Ter verdediging van het referendum (The Flemish Beerdrinker)
Onder weldenkend Europa heeft het referendum een slechte naam, en dat is er met de uitslagen van de referenda in Frankrijk en Nederland zeker niet beter op geworden. Machthebbers – zoals de Europese technocraten – houden niet van referenda, omdat de uitslag wel eens in hun nadeel kan uitdraaien. En toegeven, directe democratie heeft een aantal manifeste nadelen. Referenda worden vaak misbruikt om andere thema’s te bespelen dan waar het eigenlijk over gaat, er wordt gespeeld op emoties, het gaat om ingewikkelde thema’s waar je niet zomaar ja of nee op kan antwoorden en het geeft beleidsmakers eigenlijk de kans om hun verantwoordelijkheid te ontvluchten.
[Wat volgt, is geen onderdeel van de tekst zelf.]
lemma Dmax_eq:
  assumes "0 < b" "b * t \<le> m"
  shows "Dmax b (int m) (int t) = binom_sum (m - b * t) (Suc t)"
proof (cases "b * t = m")
  case False
  define A where "A = {card (burst_dels b t x) | x :: bool list. length x = m}"
  have "finite A"
    unfolding A_def using finite_bool_lists_length by (simp add: setcompr_eq_image)
  moreover have "k \<le> binom_sum (m - b * t) (Suc t)" if "k \<in> A" for k
    using that card_burst_dels_le[OF assms(1)] assms(2) by (auto simp: A_def)
  moreover have "card (burst_dels b t (antiperiodic_word b m)) = binom_sum (m - b * t) (Suc t)"
    using card_burst_dels_antiperiodic[OF assms(1) antiperiodic_antiperiodic_word[OF assms(1)]] assms(2)
    by simp
  then have "binom_sum (m - b * t) (Suc t) \<in> A"
    unfolding A_def mem_Collect_eq by (intro exI[of _ "antiperiodic_word b m"]) simp
  ultimately have "Max A = binom_sum (m - b * t) (Suc t)"
    by (rule Max_eqI)
  moreover have "\<not> int m < int b * int t" "int m \<noteq> int b * int t"
    using assms(2) False by (simp_all flip: of_nat_mult)
  ultimately show ?thesis
    by (simp add: Dmax_def A_def)
qed (simp add: Dmax_def flip: of_nat_mult)

section \<open>Upper bound on the intersection\<close>

lemma burst_dels_inter_full:
  "b * t = length x \<Longrightarrow> length y = length x \<Longrightarrow> burst_dels b t x \<inter> burst_dels b t y = {[]}"
  by (simp add: burst_dels_full)

lemma card_inter_burst_dels_Cons_other_le:
  fixes x y :: "bool list"
  assumes "2 \<le> b" "a \<noteq> c" "length x = length y" "b * Suc s + b \<le> length (a # x)"
  shows "card (burst_dels b (Suc s) (a # x) \<inter> burst_dels b (Suc s) (c # y))
      + (length (a # x) - b * Suc s + 1 - b choose Suc s)
    \<le> binom_sum (length (a # x) - b * Suc s) (Suc (Suc s))"
proof -
  define M where "M = length x - b * Suc s"
  have b: "0 < b" using assms(1) by simp
  have le: "b * Suc s \<le> length x" and n: "length (a # x) - b * Suc s = Suc M"
    using assms(4) b by (auto simp: M_def)
  have "card (head_dels b a (Suc s) (a # x) \<inter> head_dels b a (Suc s) (c # y)) \<le> binom_sum M (Suc s)"
    using order.trans[OF card_mono[OF finite_head_dels Int_lower2] card_head_dels_other_le[OF b assms(2)]]
      assms(3) le by (simp add: M_def)
  moreover have "card (head_dels b (\<not> a) (Suc s) (a # x) \<inter> head_dels b (\<not> a) (Suc s) (c # y))
      \<le> binom_sum M (Suc s)"
    using order.trans[OF card_mono[OF finite_head_dels Int_lower1] card_head_dels_other_le[OF b]]
      le by (simp add: M_def)
  moreover have "(Suc M + 1 - b choose Suc s) \<le> (M choose Suc s)"
    using assms(1) by (intro binomial_right_mono) simp
  moreover have "binom_sum (Suc M) (Suc (Suc s)) = 2 * binom_sum M (Suc s) + (M choose Suc s)"
    using binom_sum_Suc_Suc[of M "Suc s"] binom_sum_Suc[of M "Suc s"] by simp
  moreover have "b * Suc s < length (a # x)"
    using le by simp
  ultimately show ?thesis
    unfolding n card_inter_burst_dels_split[OF \<open>b * Suc s < length (a # x)\<close>, of "c # y" a]
    by linarith
qed

lemma card_inter_burst_dels_Cons_other_agree_le:
  fixes x y :: "bool list"
  assumes "0 < b" "a \<noteq> c" "length x = length y" "b * Suc s \<le> length x"
    and "(a # x) ! b = (c # y) ! b"
  shows "card (burst_dels b (Suc s) (a # x) \<inter> burst_dels b (Suc s) (c # y))
      + (length (a # x) - b * Suc s choose Suc s)
    \<le> binom_sum (length (a # x) - b * Suc s) (Suc (Suc s))"
proof -
  define M where "M = length x - b * Suc s"
  have c: "c = (\<not> a)" using assms(2) by simp
  have "card (head_dels b a (Suc s) (c # y)) + card (head_dels b c (Suc s) (a # x))
      \<le> binom_sum M (Suc s) + binom_sum M s"
  proof (cases "(a # x) ! b = a")
    case True
    then show ?thesis
      using card_head_dels_other_le[OF assms(1,2), of s y] card_head_dels_other_twice_le[OF assms(1), of c a x s]
        assms c by (simp add: M_def)
  next
    case False
    then show ?thesis
      using card_head_dels_other_le[OF assms(1), of c a s x] card_head_dels_other_twice_le[OF assms(1,2), of y s]
        assms c by (simp add: M_def)
  qed
  moreover have "card (head_dels b a (Suc s) (a # x) \<inter> head_dels b a (Suc s) (c # y))
      \<le> card (head_dels b a (Suc s) (c # y))"
    by (rule card_mono[OF finite_head_dels Int_lower2])
  moreover have "card (head_dels b c (Suc s) (a # x) \<inter> head_dels b c (Suc s) (c # y))
      \<le> card (head_dels b c (Suc s) (a # x))"
    by (rule card_mono[OF finite_head_dels Int_lower1])
  moreover have "length (a # x) - b * Suc s = Suc M"
    using assms(4) by (simp add: M_def)
  ultimately show ?thesis
    using card_inter_burst_dels_split[of b "Suc s" "a # x" "c # y" a] assms(4) c
    by (simp add: binom_sum_Suc_Suc_Suc)
qed
(* A low letter can reach a diagonal cell only by a diagonal slide or by a move to the west.
   A diagonal slide onto (i-1,i-1) starts from the diagonal cell (i,i), which by induction holds
   no low letter.  A low letter y moving west onto (i,i) comes from (i,i+1) by the second slide
   of rule (3), so (i-1,i) also holds y, and (i-1,i-1) holds no entry, for otherwise the first
   slide of rule (3) applies and turns y into a high letter.  But (i-1,i-1) is not outside the diagram (the diagram stays a shifted shape), not a
   bullet (the upper y would then be available and further north, so it would slide first), and
   not an inner cell (an inner diagonal cell above a diagonal bullet always has an inner cell to
   its right).  These facts are maintained as invariants of all states of the rectification. *)

definition occupied_in_shifted_plane :: "state \<Rightarrow> bool" where
  "occupied_in_shifted_plane s \<longleftrightarrow> (\<forall>a b. s (a, b) \<noteq> None \<longrightarrow> 1 \<le> a \<and> a \<le> b)"

definition no_low_on_diagonal :: "state \<Rightarrow> bool" where
  "no_low_on_diagonal s \<longleftrightarrow> (\<forall>i y. s (i, i) \<noteq> Some (Ent (Low y)))"

definition no_entry_southeast_of_vacancy :: "state \<Rightarrow> bool" where
  "no_entry_southeast_of_vacancy s \<longleftrightarrow>
     (\<forall>a b c d y. s (a, b) = None \<longrightarrow> 1 \<le> a \<longrightarrow> a \<le> b \<longrightarrow> a \<le> c \<longrightarrow> b \<le> d
        \<longrightarrow> s (c, d) \<noteq> Some (Ent y))"

definition inner_closed_upward :: "state \<Rightarrow> bool" where
  "inner_closed_upward s \<longleftrightarrow>
     (\<forall>i j. s (i, j) = Some Inn \<longrightarrow> 2 \<le> i \<longrightarrow> s (i - 1, j) = Some Inn)"

definition inner_above_diagonal_bullet :: "state \<Rightarrow> bool" where
  "inner_above_diagonal_bullet s \<longleftrightarrow>
     (\<forall>i. s (i, i) = Some Inn \<longrightarrow> s (Suc i, Suc i) = Some Bul \<longrightarrow> s (i, Suc i) = Some Inn)"

definition no_bullet_right_of_inner :: "state \<Rightarrow> bool" where
  "no_bullet_right_of_inner s \<longleftrightarrow> (\<forall>i j. s (i, j) = Some Inn \<longrightarrow> s (i, Suc j) \<noteq> Some Bul)"
subsection \<open>Recolouring is a homotopy\<close>

lemma step_square_edge:
  fixes EH :: "'b::finite \<Rightarrow> 'b \<Rightarrow> bool"
  assumes symG: "sym_rel EG" and noloop: "\<forall>x. \<not> EG x x" and mono: "mono_nbhd EH"
    and step: "recolour_step EG EH \<sigma> \<tau>" and e: "EG x z"
  shows "reduce (step_walk EH \<sigma> \<tau> x @ (\<tau> x, \<tau> z) # T)
       = reduce ((\<sigma> x, \<sigma> z) # step_walk EH \<sigma> \<tau> z @ T)"
proof (cases "\<sigma> x = \<tau> x")
  case x_fixed: True
  show ?thesis
  proof (cases "\<sigma> z = \<tau> z")
    case True
    then show ?thesis using x_fixed by (simp add: step_walk_def)
  next
    case False
    have "EG z x" using symG e unfolding sym_rel_def by blast
    then have "step_walk EH \<sigma> \<tau> z = [(\<sigma> z, \<sigma> x), (\<sigma> x, \<tau> z)]"
      by (rule step_walk_via_neighbour(2)[OF mono step noloop _ False])
    then show ?thesis
      using x_fixed reduce_cancel[of "[]" "(\<sigma> x, \<sigma> z)" "(\<sigma> x, \<tau> z) # T"]
      by (simp add: step_walk_def inv_edge_def)
  qed
next
  case False
  then have "\<sigma> z = \<tau> z" and "step_walk EH \<sigma> \<tau> x = [(\<sigma> x, \<sigma> z), (\<sigma> z, \<tau> x)]"
    using step_walk_via_neighbour[OF mono step noloop e False] by simp_all
  then show ?thesis
    using reduce_cancel[of "[(\<sigma> x, \<sigma> z)]" "(\<sigma> z, \<tau> x)" T]
    by (simp add: step_walk_def inv_edge_def)
qed

lemma step_square:
  fixes EH :: "'b::finite \<Rightarrow> 'b \<Rightarrow> bool"
  assumes symG: "sym_rel EG" and noloop: "\<forall>x. \<not> EG x x" and mono: "mono_nbhd EH"
    and step: "recolour_step EG EH \<sigma> \<tau>" and "walk EG x y W"
  shows "reduce (step_walk EH \<sigma> \<tau> x @ map_walk \<tau> W)
       = reduce (map_walk \<sigma> W @ step_walk EH \<sigma> \<tau> y)"
  using \<open>walk EG x y W\<close>
proof (induction W arbitrary: x)
  case Nil then show ?case by (simp add: map_walk_def)
next
  case (Cons e W)
  obtain z where e: "e = (x, z)" and "EG x z" and "walk EG z y W"
    using Cons.prems by (cases e) auto
  have "reduce (step_walk EH \<sigma> \<tau> x @ map_walk \<tau> (e # W))
      = reduce ((\<sigma> x, \<sigma> z) # step_walk EH \<sigma> \<tau> z @ map_walk \<tau> W)"
    using step_square_edge[OF symG noloop mono step \<open>EG x z\<close>] by (simp add: e map_walk_Cons)
  also have "\<dots> = reduce ((\<sigma> x, \<sigma> z) # map_walk \<sigma> W @ step_walk EH \<sigma> \<tau> y)"
    using reduce_cong[OF Cons.IH[OF \<open>walk EG z y W\<close>], of "[(\<sigma> x, \<sigma> z)]" "[]"] by simp
  finally show ?case by (simp add: e map_walk_Cons)
qed
(* Let $n,m$ be positive integers with $2(m+1)\le n$ and let $H$ be a graph. Then $$\gamma_{gr}(C_n^m\circ H)=\begin{cases}\left\lfloor \frac{n}{m+1}\right\rfloor (\gamma_{gr} (H)-(m+1))+n & \text{if } \gamma_{gr}(H)\geq m+1,\\ 2\gamma_{gr}(H)+n-(2m+2) & \text{if } \gamma_{gr}(H)\leq m.\end{cases}$$
   Context: $C_n^m$ has vertex set $[n]$, distinct vertices adjacent iff their distance in the cycle $1,2,\dots,n,1$ is at most $m$. The lexicographic product $G\circ H$ has vertex set $V(G)\times V(H)$, with $(g_1,h_1)$ adjacent to $(g_2,h_2)$ iff $g_1g_2\in E(G)$, or $g_1=g_2$ and $h_1h_2\in E(H)$. $\gamma_{gr}$ is the Grundy domination number: the maximum length of a sequence $(v_1,\dots,v_k)$ of distinct vertices whose set is dominating and such that each $N[v_i]\setminus\bigcup_{j<i}N[v_j]$ is non-empty ($N[\cdot]$ the closed neighborhood). *)

theory Defs
  imports Main
begin

type_synonym 'a graph = "'a set \<times> ('a \<Rightarrow> 'a \<Rightarrow> bool)"

definition verts :: "'a graph \<Rightarrow> 'a set" where "verts G = fst G"
definition adj :: "'a graph \<Rightarrow> 'a \<Rightarrow> 'a \<Rightarrow> bool" where "adj G = snd G"

definition finite_simple_graph :: "'a graph \<Rightarrow> bool" where
  "finite_simple_graph G \<longleftrightarrow> finite (verts G) \<and>
     (\<forall>u v. adj G u v \<longrightarrow> u \<in> verts G \<and> v \<in> verts G) \<and>
     (\<forall>u v. adj G u v \<longrightarrow> adj G v u) \<and> (\<forall>v. \<not> adj G v v)"

definition closed_nbhd :: "'a graph \<Rightarrow> 'a \<Rightarrow> 'a set" where
  "closed_nbhd G v = insert v {u \<in> verts G. adj G v u}"

definition grundy_dom_seq :: "'a graph \<Rightarrow> 'a list \<Rightarrow> bool" where
  "grundy_dom_seq G xs \<longleftrightarrow> distinct xs \<and> set xs \<subseteq> verts G \<and>
     (\<Union>v\<in>set xs. closed_nbhd G v) = verts G \<and>
     (\<forall>i < length xs. closed_nbhd G (xs ! i) - (\<Union>j<i. closed_nbhd G (xs ! j)) \<noteq> {})"

definition grundy_dom_number :: "'a graph \<Rightarrow> nat" where
  "grundy_dom_number G = Max (length ` {xs. grundy_dom_seq G xs})"

definition cycle_dist :: "nat \<Rightarrow> nat \<Rightarrow> nat \<Rightarrow> nat" where
  "cycle_dist n i j = min ((i + n - j) mod n) ((j + n - i) mod n)"

definition cycle_power :: "nat \<Rightarrow> nat \<Rightarrow> nat graph" where
  "cycle_power n m = ({1..n}, \<lambda>i j. i \<in> {1..n} \<and> j \<in> {1..n} \<and> i \<noteq> j \<and> cycle_dist n i j \<le> m)"

definition lex_product :: "'a graph \<Rightarrow> 'b graph \<Rightarrow> ('a \<times> 'b) graph" where
  "lex_product G H = (verts G \<times> verts H,
     \<lambda>(g1, h1) (g2, h2). (g1, h1) \<in> verts G \<times> verts H \<and> (g2, h2) \<in> verts G \<times> verts H \<and>
       (adj G g1 g2 \<or> (g1 = g2 \<and> adj H h1 h2)))"

end

theory Submission
  imports Defs
begin

text \<open>
  Walk through a legal sequence of \<open>C\<^sub>n\<^sup>m \<circ> H\<close> and look at the layers
  \<open>{g} \<times> V(H)\<close> of its vertices. A vertex on a new layer that is not yet dominated through the
  cycle power is \<open>fresh\<close>; a vertex on a new but already covered layer must footprint a
  neighbouring layer, and distinct such vertices footprint distinct layers; a vertex on a
  visited layer footprints its own layer, so the visits of a layer form a legal sequence of
  \<open>H\<close>, one vertex shorter if the layer is also footprinted from outside. With \<open>f\<close> fresh layers
  and \<open>u\<close> footprints in non-fresh layers this gives length \<open>\<le> \<gamma>\<^sub>g\<^sub>r(H) f + u\<close>. Each fresh
  vertex adds \<open>m + 1\<close> windows of \<open>m + 1\<close> consecutive vertices to the union of the balls
  \<open>N[g]\<close> seen so far, and each of the \<open>u\<close> footprints at least one, so \<open>(m + 1) f + u \<le> n\<close>;
  the balls alone give \<open>2 m + 1 + u \<le> n\<close>.

  Put Grundy dominating sequences of \<open>H\<close> on \<open>p\<close> layers that are pairwise more
  than \<open>m\<close> apart, and single vertices on the \<open>n - p (m + 1)\<close> layers in between, with
  \<open>p = \<lfloor>n / (m + 1)\<rfloor>\<close> if \<open>\<gamma>\<^sub>g\<^sub>r(H) > m\<close> and \<open>p = 2\<close> otherwise.
\<close>

section \<open>Legal sequences\<close>

definition legal_seq :: "'a graph \<Rightarrow> 'a list \<Rightarrow> bool" where
  "legal_seq G xs \<longleftrightarrow> distinct xs \<and> set xs \<subseteq> verts G \<and>
     (\<forall>i < length xs. closed_nbhd G (xs ! i) - (\<Union>j<i. closed_nbhd G (xs ! j)) \<noteq> {})"

abbreviation dominated :: "'a graph \<Rightarrow> 'a list \<Rightarrow> 'a set" where
  "dominated G xs \<equiv> \<Union>v\<in>set xs. closed_nbhd G v"

lemma grundy_dom_seq_iff_legal_seq:
  "grundy_dom_seq G xs \<longleftrightarrow> legal_seq G xs \<and> dominated G xs = verts G"
  unfolding grundy_dom_seq_def legal_seq_def by blast

lemma legal_seq_Nil [simp]: "legal_seq G []"
  by (simp add: legal_seq_def)

lemma self_in_closed_nbhd: "v \<in> closed_nbhd G v"
  by (simp add: closed_nbhd_def)

lemma closed_nbhd_subset_verts: "v \<in> verts G \<Longrightarrow> closed_nbhd G v \<subseteq> verts G"
  by (auto simp: closed_nbhd_def)

lemma dominated_subset_verts: "set xs \<subseteq> verts G \<Longrightarrow> dominated G xs \<subseteq> verts G"
  by (auto simp: closed_nbhd_def)

lemma UN_nth_less_length: "(\<Union>j<length xs. f (xs ! j)) = (\<Union>v\<in>set xs. f v)"
  by (auto simp: in_set_conv_nth) (use nth_mem in blast)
Al deze kritieken snijden zeker hout. Mijn antwoord hierop is eigenlijk tweevoudig:
1. indirecte democratie heeft ook nadelen, die zeker niet minder belangrijk zijn en die vaak ook dezelfde zijn,
2. net zoals bij indirecte democratie kan je ook bij referenda de nadelen opvangen door weldoordachte spelregels op te stellen.
Laat me beginnen met het tweede: de design.
Ik denk dat een referendum wel degelijk een meerwaarde kan hebben. Maar daarvoor moeten er wel een aantal randvoorwaarden worden vervuld. Net zoals bij gewone verkiezingen moeten er ook bij referenda duidelijke spelregels zijn die moeten worden afgesproken en nageleefd.
In de eerste plaats moet een referendum over een concreet onderwerp gaan, waarover de meningen verdeeld zijn. Zo kan men geen referendum organiseren over de vraag of de belastingen omhoog of omlaag moeten. Iedereen betaalt liever minder belastingen en bovendien is dat thema te breed, te algemeen en dus te abstract. Maar er kan wel een volksraadpleging worden georganiseerd over een concrete maatregel. Bijvoorbeeld de afschaffing van het kijk- en luistergeld, de verlaging van de registratierechten of de invoering van een Elia-taks op elektriciteit zijn wel mogelijke thema’s. Neem de Elia-heffing. In dit geval kan een discussie ontstaan onder de bevolking of deze taks wel de goede manier is om het inkomstenverlies van de gemeenten ten gevolge van de liberalisering van de energiemarkt op te vangen. Bovendien raakt deze taks concreet de bevolking omdat de prijs van elektriciteit erdoor zal stijgen. Energie is een basisbehoefte, waarom zou de burger dan niet het recht hebben om zich hierover uit te spreken? Focus is met andere woorden zeer belangrijk.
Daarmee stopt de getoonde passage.